For a time he saw a therapist for writer’s block until it was mutually agreed that somebody as prolific as Mr. Gold could not be described as blocked.
He had a better hat than me.
So sad. I’m speechless. I moved to LA in 1981 and have been reading Gold since his music writing days @ the Weekly. I will miss his perspective and enthusiasm
Along with many of you folks on Chowhound, JGold helped guide me to so much wonderful and uniquely LA type food. Dragged my family all over LA in search of cheap eats when I lived there and still do to this day even though now down in SD. Very sad news.

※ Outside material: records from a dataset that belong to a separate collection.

lemma sum_filter_parity:
  fixes f :: "'a \<Rightarrow> 'b::field_char_0"
  assumes "finite A"
  shows "(\<Sum>x | x \<in> A \<and> odd (g x) = \<beta>. f x) =
           ((\<Sum>x\<in>A. f x) + (if \<beta> then -1 else 1) * (\<Sum>x\<in>A. (-1) ^ g x * f x)) / 2"
proof -
  have "(\<Sum>x | x \<in> A \<and> odd (g x) = \<beta>. f x) = (\<Sum>x\<in>A. if odd (g x) = \<beta> then f x else 0)"
    using sum.inter_filter[OF assms] by simp
  also have "\<dots> = (\<Sum>x\<in>A. (f x + (if \<beta> then -1 else 1) * ((-1) ^ g x * f x)) / 2)"
    by (rule sum.cong) (auto simp: minus_one_power_iff)
  finally show ?thesis
    by (simp add: sum_divide_distrib[symmetric] sum.distrib sum_distrib_left)
qed

definition pattern_parity_prob :: "(pauli \<Rightarrow> real) \<Rightarrow> bool \<Rightarrow> nat \<Rightarrow> nat \<Rightarrow> real" where
  "pattern_parity_prob p \<beta> n w =
     (pattern_gf p 1 n w + (if \<beta> then -1 else 1) * pattern_gf p (-1) n w) / 2"

lemma sum_pattern_parity:
  "(\<Sum>E | map flips E = s \<and> odd (phase_count E) = \<beta>. err_prob p E) =
     pattern_parity_prob p \<beta> (length s) (weight s)"
  using sum_filter_parity[OF finite_pattern_preimage,
      where g = phase_count and \<beta> = \<beta> and f = "err_prob p"]
    sum_pattern_preimage_gf[of 1 p s] sum_pattern_preimage_gf[of "-1" p s]
  by (simp add: pattern_parity_prob_def err_prob_def)

lemma phase_count_map2_flip:
  "length r = length E \<Longrightarrow>
     phase_count (map2 (\<lambda>e r. if r then pmult e PX else e) E r) = phase_count E"
proof (induction E arbitrary: r)
  case Nil
  then show ?case by simp
next
  case (Cons e E)
  then obtain x r' where "r = x # r'" "length r' = length E"
    by (cases r) auto
  moreover have "phase_type (pmult e PX) = phase_type e"
    by (cases e) auto
  ultimately show ?case
    using Cons.IH by (simp add: phase_count_def)
qed

lemma length_recov: "valid_choice n c \<Longrightarrow> length s = n \<Longrightarrow> length (recov c s) = n"
  by (auto simp: recov_def valid_choice_def compl_def)

lemma logical_error_eq_iff:
  assumes "valid_choice n c" and "length E = n"
  shows "logical_error c E = \<sigma> \<longleftrightarrow>
           (recov c (pattern E) \<noteq> pattern E) = flips \<sigma> \<and> odd (phase_count E) = phase_type \<sigma>"
proof -
  have "length (recov c (pattern E)) = length E"
    using length_recov[OF assms(1)] assms(2) by (simp add: pattern_def)
  then have "length (filter phase_type (residual c E)) = phase_count E"
    unfolding residual_def phase_count_def[symmetric] by (rule phase_count_map2_flip)
  then show ?thesis
    by (cases \<sigma>) (auto simp: logical_error_def Let_def)
qed

lemma lprob_eq_sum_patterns:
  assumes "valid_choice n c"
  shows "lprob n p c \<sigma> k =
    (\<Sum>s | length s = n \<and> min (weight s) (n - weight s) = k \<and> (recov c s \<noteq> s) = flips \<sigma>.
       pattern_parity_prob p (phase_type \<sigma>) n (weight s))"
proof -
  let ?S = "{s. length s = n \<and> min (weight s) (n - weight s) = k \<and> (recov c s \<noteq> s) = flips \<sigma>}"
  let ?A = "\<lambda>s. {E. map flips E = s \<and> odd (phase_count E) = phase_type \<sigma>}"
  have "{E. length E = n \<and> err_dist E = k \<and> logical_error c E = \<sigma>} =
    {E. length E = n \<and> err_dist E = k \<and> (recov c (pattern E) \<noteq> pattern E) = flips \<sigma>
        \<and> odd (phase_count E) = phase_type \<sigma>}"
    using logical_error_eq_iff[OF assms] by blast
  also have "\<dots> = \<Union> (?A ` ?S)"
    by (auto simp: err_dist_def pattern_def)
  finally have events:
    "{E. length E = n \<and> err_dist E = k \<and> logical_error c E = \<sigma>} = \<Union> (?A ` ?S)" .
  have "finite ?S"
    by (rule finite_subset[OF _ finite_lists_of_length[of n]]) auto
  moreover have "finite (?A s)" for s
    by (rule finite_subset[OF _ finite_pattern_preimage[of s]]) auto
  ultimately have "lprob n p c \<sigma> k = (\<Sum>s\<in>?S. \<Sum>E\<in>?A s. err_prob p E)"
    unfolding lprob_def events by (subst sum.UNION_disjoint) auto
  also have "\<dots> = (\<Sum>s\<in>?S. pattern_parity_prob p (phase_type \<sigma>) n (weight s))"
    by (rule sum.cong) (simp_all add: sum_pattern_parity)
  finally show ?thesis .
qed

text \<open>Below distance n/2 the syndrome fixes the pattern up to complement, and recovery
  undoes the pattern exactly when it has the smaller weight.\<close>
lemma lprob_below_half:
  fixes \<sigma> :: pauli
  assumes c: "valid_choice n c" and k: "2 * k < n"
  defines "w \<equiv> if flips \<sigma> then n - k else k"
  shows "lprob n p c \<sigma> k = real (n choose w) * pattern_parity_prob p (phase_type \<sigma>) n w"
proof -
  have "{s. length s = n \<and> min (weight s) (n - weight s) = k \<and> (recov c s \<noteq> s) = flips \<sigma>}
        = {s. length s = n \<and> weight s = w}"
  proof (rule Collect_cong)
    fix s :: "bool list"
    show "length s = n \<and> min (weight s) (n - weight s) = k \<and> (recov c s \<noteq> s) = flips \<sigma>
          \<longleftrightarrow> length s = n \<and> weight s = w"
    proof (cases "length s = n")
      case True
      consider "2 * weight s < n" | "2 * weight s = n" | "2 * weight s > n"
        by linarith
      then show ?thesis
      proof cases
        case 1
        then show ?thesis using True k by (auto simp: w_def recov_def)
      next
        case 2
        then show ?thesis using True k by (auto simp: w_def)
      next
        case 3
        then have "s \<noteq> []" by (auto simp: weight_def)
        then show ?thesis
          using 3 True k weight_le_length[of s] compl_neq_self[of s]
          by (auto simp: w_def recov_def)
      qed
    qed simp
  qed
  then have "lprob n p c \<sigma> k =
      (\<Sum>s | length s = n \<and> weight s = w. pattern_parity_prob p (phase_type \<sigma>) n (weight s))"
    by (simp only: lprob_eq_sum_patterns[OF c])
  also have "\<dots> = real (n choose w) * pattern_parity_prob p (phase_type \<sigma>) n w"
    by (simp add: card_bool_lists_weight)
  finally show ?thesis .
qed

Incredible outpouring on Twitter. Likely a larger reaction than if a major Los Angeles political or sports figure had passed.
The man was epic.
RIP J Gold.
Coming to LA in 2007, he was my guide to Los Angeles. As Asian kid in growing up in Michigan I never even had a taco outside of Taco Bell. He opened my culinary and world view well beyond my wildest dreams. Now I’m effin making aguachiles and seeking out aji amarillo and snook. I even got to cook for him at a cooking event. Tragic and sad beyond compare and condolences to his family.
Six hours later and I’m still devastated, the man meant so much to many, nice to see Twitter respond in kind. We’ve lost a titan.
Amazing post. R.I.P. indeed.
I used to think food critics only reviewed the most fancy and the most expensive restaurants in town with big high profile chefs.
JGold changed that. Gave respect and honor to our hole in the walls.